Work to be completed
Nothing but the lines below between the line holding "by (intro monoI)" and the line holding "max 0 (min 1", inclusive, should appear in the answer, each set down exactly.

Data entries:
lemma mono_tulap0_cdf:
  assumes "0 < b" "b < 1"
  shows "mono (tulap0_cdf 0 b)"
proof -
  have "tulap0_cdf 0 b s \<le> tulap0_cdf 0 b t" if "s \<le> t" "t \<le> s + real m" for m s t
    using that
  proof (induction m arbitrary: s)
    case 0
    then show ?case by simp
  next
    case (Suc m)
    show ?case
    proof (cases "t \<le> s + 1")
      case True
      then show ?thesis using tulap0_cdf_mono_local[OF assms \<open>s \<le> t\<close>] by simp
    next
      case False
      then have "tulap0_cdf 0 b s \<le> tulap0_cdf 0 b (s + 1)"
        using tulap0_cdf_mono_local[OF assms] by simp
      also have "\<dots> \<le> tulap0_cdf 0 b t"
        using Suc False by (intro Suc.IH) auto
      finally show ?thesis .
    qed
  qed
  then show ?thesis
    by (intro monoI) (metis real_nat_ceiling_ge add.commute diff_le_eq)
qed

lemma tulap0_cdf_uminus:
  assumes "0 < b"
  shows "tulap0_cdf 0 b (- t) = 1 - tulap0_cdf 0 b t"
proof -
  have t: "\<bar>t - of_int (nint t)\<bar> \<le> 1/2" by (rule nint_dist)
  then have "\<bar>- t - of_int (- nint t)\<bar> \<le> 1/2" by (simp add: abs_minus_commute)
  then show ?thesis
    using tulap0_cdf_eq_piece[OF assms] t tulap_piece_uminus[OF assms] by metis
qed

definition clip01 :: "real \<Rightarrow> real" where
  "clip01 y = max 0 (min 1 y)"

...

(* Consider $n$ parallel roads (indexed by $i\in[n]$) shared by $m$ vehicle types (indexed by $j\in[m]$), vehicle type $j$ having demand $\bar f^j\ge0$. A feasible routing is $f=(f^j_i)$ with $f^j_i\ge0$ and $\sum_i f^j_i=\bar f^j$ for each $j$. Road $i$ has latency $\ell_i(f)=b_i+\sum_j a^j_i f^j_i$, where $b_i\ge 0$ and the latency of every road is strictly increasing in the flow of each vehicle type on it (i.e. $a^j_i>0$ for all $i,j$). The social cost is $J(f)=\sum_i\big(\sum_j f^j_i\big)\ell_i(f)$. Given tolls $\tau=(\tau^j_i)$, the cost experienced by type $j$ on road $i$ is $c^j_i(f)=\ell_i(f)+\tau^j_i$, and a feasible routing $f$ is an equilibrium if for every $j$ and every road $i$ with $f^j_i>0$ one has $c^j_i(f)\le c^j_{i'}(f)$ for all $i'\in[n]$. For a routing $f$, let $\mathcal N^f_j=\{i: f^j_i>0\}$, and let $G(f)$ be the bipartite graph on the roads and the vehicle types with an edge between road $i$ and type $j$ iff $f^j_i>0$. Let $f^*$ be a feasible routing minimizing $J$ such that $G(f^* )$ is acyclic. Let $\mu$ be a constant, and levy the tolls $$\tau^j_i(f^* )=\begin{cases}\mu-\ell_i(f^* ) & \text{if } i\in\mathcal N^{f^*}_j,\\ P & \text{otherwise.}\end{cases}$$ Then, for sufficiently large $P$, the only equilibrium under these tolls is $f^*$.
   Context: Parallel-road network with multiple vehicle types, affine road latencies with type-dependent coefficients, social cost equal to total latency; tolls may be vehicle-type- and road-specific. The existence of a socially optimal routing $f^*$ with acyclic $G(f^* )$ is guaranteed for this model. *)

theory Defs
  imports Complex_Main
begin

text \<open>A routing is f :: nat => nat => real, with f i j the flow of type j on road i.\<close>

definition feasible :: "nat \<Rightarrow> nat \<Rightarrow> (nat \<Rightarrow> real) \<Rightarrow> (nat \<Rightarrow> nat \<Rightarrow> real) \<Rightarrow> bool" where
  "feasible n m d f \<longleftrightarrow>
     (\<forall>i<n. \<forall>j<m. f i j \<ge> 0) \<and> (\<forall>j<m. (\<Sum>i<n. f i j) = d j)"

Answer to the problem
    by (intro monoI) (metis real_nat_ceiling_ge add.commute diff_le_eq)
qed

lemma tulap0_cdf_uminus:
  assumes "0 < b"
  shows "tulap0_cdf 0 b (- t) = 1 - tulap0_cdf 0 b t"
proof -
  have t: "\<bar>t - of_int (nint t)\<bar> \<le> 1/2" by (rule nint_dist)
  then have "\<bar>- t - of_int (- nint t)\<bar> \<le> 1/2" by (simp add: abs_minus_commute)
  then show ?thesis
    using tulap0_cdf_eq_piece[OF assms] t tulap_piece_uminus[OF assms] by metis
qed

definition clip01 :: "real \<Rightarrow> real" where
  "clip01 y = max 0 (min 1 y)"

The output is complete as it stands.